If she's engaging enough, interesting enough, worth the effort then maybe go out to eat and because he'd paid the first time she should feel obligated to contribute somehow to the cost of the second date.

I could respect that if it goes that way but the problem is some women wouldn't want to pay for that second date. They want free meals out here and then then the guy pays for the meal, bought her shrimp, lobster and the whole nine and he never even got a whiff of the draws. I know relationships and dates are not just about sex but spending a whole lot of money and the questions is your spending money for what after awhile. Like I said if two people are kicking it for awhile then it understandable for a man to spend some good money every now and then and take his woman out but in new relationships it's not the right move imo. It's an easy way to become a sucker.

it depends on the woman I've encountered all these scenarios
Woman refuse to let me pay for her meal, We agreed to go dutch,She payed, and, I was expected to pay.

The only time I was expected to pay was when I asked them out.
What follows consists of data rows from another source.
lemma backward_sum_dilation:
  assumes "h \<in> A2 \<beta>" "s \<le> \<tau>" "\<tau> \<le> 1"
  shows "(\<Sum>m. of_real ((1 / c) ^ Suc m) * chart_remainder K h (of_real (s * \<tau> / s ^ Suc m)))
    = of_real (1 / c) * (chart_remainder K h (of_real \<tau>)
      + (\<Sum>m. of_real ((1 / c) ^ Suc m) * chart_remainder K h (of_real (\<tau> / s ^ Suc m))))"
proof -
  define b where "b m = of_real ((1 / c) ^ Suc m) * chart_remainder K h (of_real (\<tau> / s ^ Suc m))" for m
  define u where "u m = of_real ((1 / c) ^ Suc m) * chart_remainder K h (of_real (s * \<tau> / s ^ Suc m))" for m
  have b: "summable b"
    using backward_summable[OF assms] by (simp add: b_def[abs_def])
  have u_Suc: "u (Suc m) = of_real (1 / c) * b m" for m
  proof -
    have shift: "(1 / c) * (1 / c) ^ Suc m = (1 / c) ^ Suc (Suc m)" "\<tau> / s ^ Suc m = s * \<tau> / s ^ Suc (Suc m)"
      using s_pos by simp_all
    have "of_real (1 / c) * b m = of_real ((1 / c) * (1 / c) ^ Suc m) * chart_remainder K h (of_real (\<tau> / s ^ Suc m))"
      unfolding b_def of_real_mult by (simp only: mult.assoc)
    then show ?thesis
      unfolding shift u_def by (rule sym)
  qed
  have "summable u"
    unfolding summable_Suc_iff[symmetric, of u] u_Suc by (rule summable_mult[OF b])
  then have "suminf u = u 0 + (\<Sum>m. u (Suc m))"
    by (simp add: suminf_split_head)
  also have "\<dots> = of_real (1 / c) * (chart_remainder K h (of_real \<tau>) + suminf b)"
    unfolding u_Suc suminf_mult[OF b] using s_pos by (simp add: u_def algebra_simps)
  finally show ?thesis
    by (simp add: u_def[abs_def] b_def[abs_def])
qed

lemma eigenfunctional_dilation:
  assumes "h \<in> A2 \<beta>" "s \<le> \<tau>" "\<tau> \<le> 1"
  shows "eigenfunctional (s * \<tau>) h = of_real (1 / c) * eigenfunctional \<tau> h"
  using forward_sum_dilation[OF assms(1) _ assms(3)] backward_sum_dilation[OF assms] assms(2) s_pos
  by (simp add: eigenfunctional_def algebra_simps)

lemma eigenfunctional_compose_psi_s:
  assumes "h \<in> A2 \<beta>" "s \<le> \<tau>" "\<tau> \<le> 1"
  shows "eigenfunctional \<tau> (h \<circ> psi (of_real s)) = of_real (1 / c) * eigenfunctional \<tau> h"
  using eigenfunctional_compose_psi[OF A2_holomorphic[OF assms(1)] s_pos s_less_1] eigenfunctional_dilation[OF assms] assms s_pos
  by simp

end

lemma exists_dilation_eigenfunctional:
  assumes "\<beta> > -1" "0 < t" "t < 1"
  obtains K E where "dilation_eigenfunctional \<beta> K t E"
proof -
  obtain n :: nat where "(2 + \<beta>) / 2 \<le> real n"
    using real_arch_simple by blast
  then have K: "1 \<le> n + 1" "2 + \<beta> \<le> 2 * (real (n + 1) - 1)"
    by auto
  obtain E where "E > 0"
    "\<And>h x. h \<in> A2 \<beta> \<Longrightarrow> 0 \<le> x \<Longrightarrow> x \<le> 1 \<Longrightarrow>
      cmod (chart_remainder (n + 1) h (of_real x)) \<le> E * A2_norm \<beta> h * x ^ (n + 1)"
    "\<And>h x. h \<in> A2 \<beta> \<Longrightarrow> 1 \<le> x \<Longrightarrow>
      cmod (chart_remainder (n + 1) h (of_real x)) \<le> E * A2_norm \<beta> h * x ^ (n + 1 - 1)"
    using chart_remainder_bound[OF assms(1) K] by blast
  then show thesis
    using that[of "n + 1" E] assms by (simp add: dilation_eigenfunctional_def)
qed

section \<open>Linear independence of two eigenfunctionals\<close>

definition test_poly :: "nat \<Rightarrow> complex \<Rightarrow> complex" where
  "test_poly M z = z ^ M * (1 - z) ^ M"

lemma fps_one_minus_X_power_nth_eq_0: "M < k \<Longrightarrow> ((1 - fps_X) ^ M :: complex fps) $ k = 0"
proof (induction M arbitrary: k)
  case (Suc M)
  have split: "((1 - fps_X) ^ Suc M :: complex fps) = (1 - fps_X) ^ M - fps_X * (1 - fps_X) ^ M"
    by (simp add: algebra_simps)
  show ?case
    unfolding split using Suc by (cases k) (auto simp: fps_X_mult_nth)
qed simp

lemma test_poly_in_A2: "test_poly M \<in> A2 \<beta>"
proof (rule A2_if_finite_support)
  show "test_poly M holomorphic_on ball 0 1"
    unfolding test_poly_def by (intro holomorphic_intros)
  have "test_poly M has_fps_expansion fps_X ^ M * (1 - fps_X) ^ M"
    unfolding test_poly_def
    by (intro has_fps_expansion_mult[where f = "\<lambda>z. z ^ M"] has_fps_expansion_fps_X_power
        has_fps_expansion_power[where f = "\<lambda>z. 1 - z"] has_fps_expansion_diff has_fps_expansion_1
        has_fps_expansion_fps_X)
  then have "taylor_coeff (test_poly M) n = (fps_X ^ M * (1 - fps_X) ^ M) $ n" for n
    using fps_nth_fps_expansion by (fastforce simp: taylor_coeff_def)
  then have "taylor_coeff (test_poly M) n = 0" if "n \<notin> {..2 * M}" for n
    using that fps_one_minus_X_power_nth_eq_0[of M "n - M"] by (simp add: fps_X_power_mult_nth)
  then have "{n. taylor_coeff (test_poly M) n \<noteq> 0} \<subseteq> {..2 * M}"
    by blast
  then show "finite {n. taylor_coeff (test_poly M) n \<noteq> 0}"
    using finite_subset by blast
qed

text \<open>On the positive axis of the chart, \<open>test_poly M\<close> becomes \<open>bump M\<close>: it vanishes to order \<open>M\<close>
  at \<open>0\<close> and \<open>\<infinity>\<close>, is invariant under \<open>x \<mapsto> 1/x\<close> and peaks at \<open>x = 1\<close>, ever more sharply as
  \<open>M\<close> grows.\<close>
definition bump :: "nat \<Rightarrow> real \<Rightarrow> real" where
  "bump M x = (x / (1 + x)\<^sup>2) ^ M"

lemma taylor_coeff_chart_test_poly: "m < M \<Longrightarrow> taylor_coeff (chart (test_poly M)) m = 0"
proof -
  assume "m < M"
  define q where "q v = (1 / (1 + v)) ^ M * (1 - v / (1 + v)) ^ M" for v :: complex
  have "q holomorphic_on ball 0 (1 / 2)"
    unfolding q_def using norm_div_one_plus(1) by (intro holomorphic_intros) auto
  then have "q has_fps_expansion Abs_fps (taylor_coeff q)"
    by (rule holomorphic_has_fps_expansion_taylor) simp
  moreover have "chart (test_poly M) = (\<lambda>v. v ^ M * q v)"
    by (simp add: fun_eq_iff chart_def test_poly_def q_def power_mult_distrib[symmetric])
  ultimately have "chart (test_poly M) has_fps_expansion fps_X ^ M * Abs_fps (taylor_coeff q)"
    using has_fps_expansion_mult[OF has_fps_expansion_fps_X_power] by simp
  then show ?thesis
    using fps_nth_fps_expansion[of _ _ m] \<open>m < M\<close> by (fastforce simp: taylor_coeff_def fps_X_power_mult_nth)
qed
Some girls wouldn't mind picking up the check for me.

Dang they refused to let you pay? Well I do remember one chick I was talking too, she had me eating hallal food out a truck but anyway, she refused to let me buy her a Snapple and tried to pay for mine. It was awkward as fukk :hhh:

Its all a farce, old heads were indoctrinated to "pay first because you're the man" on some 40-50's sexist tip. And now try to justify by saying its "manly" or the "right" thing to do. When I think about all the simps who came out of pocket for a broad who was gonna leave em with a mean case of dry dikk and blue balls, I always chuckle.

Simple enough; Be awesome, be agendaless, be gone. Not only is the tactic fool proof, its free. First dates should be based around personalities and seeing if yours match, not who's footing the bill. We all want sex, no need to hide it behind some false sense of chivalry.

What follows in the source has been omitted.